Comme à chaque fois, à chaque mouvement populaire contre la misère, depuis 2011 et la chute du régime de Ben Ali (en énumérer la liste serait fastidieux...), les gouvernants ont répondu par le mépris, agitant le thème archi-éculé du complot politico-mafieux visant au renversement du régime, etc. Balivernes resservies ad nauseam, assorties du mépris dans lequel sont tenus les manifestants : aucune légitimité ne leur est accordée, et bien sûr on leur envoie la police et l’armée (laquelle ce coup-ci a préféré se tenir à distance), au prétexte d’assurer la sécurité et la sacro-sainte production. La presse de caniveau, qui représente l’essentiel de la presse tunisienne, a littéralement insulté les jeunes de Tataouine, à l’unisson avec les partis de l’ordre et de la matraque. Pour cette classe dirigeante et ses alliés, ce peuple ne compte pas, il s’agit d’ignorants et de saboteurs, qui ne savent pas attendre les fruits des politiques menées en vue du développement qui ne sauraient tarder à donner leurs effets : soixante ans qu’on entend ce refrain, qu’on serine à tout bout de champ cet appel à la sagesse, pendant que les bourgeois s’enrichissent encore et encore sur le dos du peuple.
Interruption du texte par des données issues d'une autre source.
lemma exponential_decay_estimate:
  assumes "0 \<le> t" "x \<in> {0..L}"
  shows "\<bar>X t x - \<Theta> x\<bar> \<le> 2 * A * exp (- \<mu> * t)"
proof -
  have "A * exp (- \<mu> * t) * (2 - (\<Theta> x)\<^sup>2) \<le> A * exp (- \<mu> * t) * 2"
    using A_pos by (intro mult_left_mono) auto
  then show ?thesis
    using barrier_bound[of 1 t x] barrier_bound[of "-1" t x] assms by (simp add: abs_le_iff)
qed

end

lemma tendsto_of_exponential_bound:
  fixes f :: "real \<Rightarrow> real"
  assumes "0 < \<mu>" and bound: "\<And>t. t \<ge> T \<Longrightarrow> \<bar>f t - l\<bar> \<le> C * exp (- \<mu> * t)"
  shows "(f \<longlongrightarrow> l) at_top"
proof -
  have "filterlim (\<lambda>t. - \<mu> * t) at_bot at_top"
    using \<open>0 < \<mu>\<close> by (intro filterlim_tendsto_neg_mult_at_bot[OF tendsto_const _ filterlim_ident]) simp
  then have majorant_null: "((\<lambda>t. C * exp (- \<mu> * t)) \<longlongrightarrow> 0) at_top"
    using tendsto_mult_right_zero filterlim_compose[OF exp_at_bot] by blast
  have "\<forall>\<^sub>F t in at_top. norm (f t - l) \<le> C * exp (- \<mu> * t)"
    using eventually_ge_at_top[of T] by (rule eventually_mono) (simp only: real_norm_def bound)
  then have "((\<lambda>t. f t - l) \<longlongrightarrow> 0) at_top"
    using majorant_null by (rule Lim_null_comparison)
  then show ?thesis by (rule LIM_zero_cancel)
qed

theorem mainTheorem2:
  fixes L d_l d_u D_l D_u :: real
    and \<rho> \<rho>' :: "real \<Rightarrow> real"
    and X0 \<alpha> \<beta> :: "real \<Rightarrow> real"
    and X :: "real \<Rightarrow> real \<Rightarrow> real"
  assumes L_pos: "L > 0"
    and rho_cont: "continuous_on {0..L} \<rho>"
    and rho_int: "(\<rho> has_integral 1) {0..L}"
    and d_bounds: "0 < d_l" "d_l \<le> d_u"
    and rho_bounds: "\<forall>x\<in>{0..L}. d_l \<le> \<rho> x \<and> \<rho> x \<le> d_u"
    and D_bounds: "0 < D_l" "D_l \<le> D_u"
    and rho_deriv: "\<forall>x\<in>{0<..<L}. (\<rho> has_real_derivative \<rho>' x) (at x)"
    and rho'_bounds: "\<forall>x\<in>{0<..<L}. D_l \<le> \<rho>' x \<and> \<rho>' x \<le> D_u"
    \<comment> \<open>C^2 initial condition\<close>
    and X0_C2: "C2_on {0..L} X0"
    \<comment> \<open>boundary inputs\<close>
    and alpha_ode: "\<forall>t\<ge>0. (\<alpha> has_real_derivative (- \<alpha> t)) (at t within {0..})"
    and beta_ode: "\<forall>t\<ge>0. (\<beta> has_real_derivative (1 - \<beta> t)) (at t within {0..})"
    and alpha_init: "\<alpha> 0 = X0 0"
    and beta_init: "\<beta> 0 = X0 L"
    \<comment> \<open>regularity of the (classical) solution\<close>
    and X_cont: "continuous_on ({0..} \<times> {0..L}) (\<lambda>(t, x). X t x)"
    and X_C2: "\<forall>t\<ge>0. C2_on {0..L} (\<lambda>x. X t x)"
    and X_time_diff: "\<forall>t>0. \<forall>x\<in>{0<..<L}. (\<lambda>s. X s x) differentiable (at t)"
    \<comment> \<open>the PDE\<close>
    and X_pde: "\<forall>t>0. \<forall>x\<in>{0<..<L}.
        ((\<lambda>s. X s x) has_real_derivative
           (1 / \<rho> x) * deriv (\<lambda>y. deriv (\<lambda>z. X t z) y / \<rho> y) x) (at t)"
    \<comment> \<open>boundary and initial conditions\<close>
    and X_left: "\<forall>t\<ge>0. X t 0 = \<alpha> t"
    and X_right: "\<forall>t\<ge>0. X t L = \<beta> t"
    and X_init: "\<forall>x\<in>{0..L}. X 0 x = X0 x"
  shows "\<forall>x\<in>{0<..<L}. ((\<lambda>t. X t x) \<longlongrightarrow> Theta \<rho> x) at_top"
proof -
  \<comment> \<open>Only the existence of \<open>\<rho>'\<close> enters.\<close>
  have rho_pos: "0 < \<rho> y" if "y \<in> {0..L}" for y
    using rho_bounds d_bounds that by force
  have "continuous_on {0..L} (\<lambda>x. X0 x - Theta \<rho> x)"
    using C2_on_imp_continuous_on[OF X0_C2] continuous_on_Theta[OF rho_cont]
    by (intro continuous_intros)
  then obtain M where "0 \<le> M" and M: "\<And>x. x \<in> {0..L} \<Longrightarrow> norm (X0 x - Theta \<rho> x) \<le> M"
    by (rule continuous_on_compact_bound[OF compact_Icc]) blast
  define A where "A = \<bar>\<alpha> 0\<bar> + \<bar>\<beta> 0 - 1\<bar> + M + 1"
  have decay: "\<bar>X t x - Theta \<rho> x\<bar> \<le> 2 * A * exp (- (1/2) * t)"
    if "0 \<le> t" "x \<in> {0..L}" for t x
  proof (rule exponential_decay_estimate[where L = L and A = A and \<mu> = "1/2" and \<rho> = \<rho>
        and \<rho>' = \<rho>' and \<Theta> = "Theta \<rho>" and X = X])
    fix s :: real assume "0 \<le> s"
    have "\<bar>\<alpha> s - 0\<bar> \<le> A * exp (- (1/2) * s)"
      by (rule relaxation_ode_decay) (use alpha_ode \<open>0 \<le> s\<close> \<open>0 \<le> M\<close> in \<open>auto simp: A_def\<close>)
    moreover have "\<bar>\<beta> s - 1\<bar> \<le> A * exp (- (1/2) * s)"
      by (rule relaxation_ode_decay) (use beta_ode \<open>0 \<le> s\<close> \<open>0 \<le> M\<close> in \<open>auto simp: A_def\<close>)
    ultimately show "\<bar>X s 0 - Theta \<rho> 0\<bar> \<le> A * exp (- (1/2) * s) \<and>
        \<bar>X s L - Theta \<rho> L\<bar> \<le> A * exp (- (1/2) * s)"
      using X_left X_right \<open>0 \<le> s\<close> Theta_right_end[OF rho_int] by (simp add: Theta_def)
  next
    show "\<bar>Theta \<rho> y\<bar> \<le> 1" if "y \<in> {0..L}" for y
      using rho_pos that by (intro abs_Theta_le_1[OF rho_cont rho_int]) (auto intro: less_imp_le)
    show "\<bar>X 0 y - Theta \<rho> y\<bar> \<le> A" if "y \<in> {0..L}" for y
      using M[OF that] X_init that abs_ge_zero[of "\<alpha> 0"] abs_ge_zero[of "\<beta> 0 - 1"]
      by (simp add: A_def)
  qed (use that rho_pos rho_deriv X_cont X_C2 X_pde \<open>0 \<le> M\<close>
         in \<open>auto simp: A_def continuous_on_Theta[OF rho_cont] Theta_has_real_derivative[OF rho_cont]\<close>)
  show ?thesis
    using decay by (auto intro!: tendsto_of_exponential_bound[where \<mu> = "1/2" and C = "2 * A" and T = 0])
qed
Très peu, voire pas du tout de mouvement de solidarité au-delà de la région : les Tunisiens sont comme tétanisés, sidérés, fatigués, en tout cas leurs cerveaux lavés par les médias poubelles aux ordres du capital. Le renversement du régime de Ben Ali n’a au final rien changé : les anciens apparatchiks, après un ravalement pseudo-démocratique de façade, ont repris les affaires en main. La grande cause qui occupe aujourd’hui la classe politique tunisienne, c’est le projet de loi dit de réconciliation, qui vise à mettre un terme aux poursuites engagées depuis 2011 contre les corrompus et les corrupteurs de l’ancien régime (et dont bon nombre sévissent toujours), une sorte d’amnistie générale ! Pour faire bonne mesure et diversion, quelques crapules qui jusqu’alors trafiquaient au vu et au su de tous ont été arrêtées, à grand renfort de publicité. Malgré cet épisode tragi-comique, les affaires continuent, business as usual.

Finalement, après deux mois de manifestations, de blocages et d’occupations, un accord a été signé, sous l’égide de la centrale syndicale UGTT, jouant comme d’habitude les bons offices et les extincteurs, promettant des emplois locaux et quelques retombées financières. Il n’y a pas grand-chose à en attendre, ici comme ailleurs les populations seront flouées, quelques meneurs repérés seront neutralisés : dorénavant, on les achète, on ne les emprisonne plus, ça sert à ça les révolutions…

Tataouine retournera dans l’oubli, les fantômes des « bat’ d’Af’ » continueront de la hanter. Une autre ville des confins de la Tunisie « inutile » se révoltera, on entendra les mêmes arguments, on tiendra les mêmes discours de mépris de classe.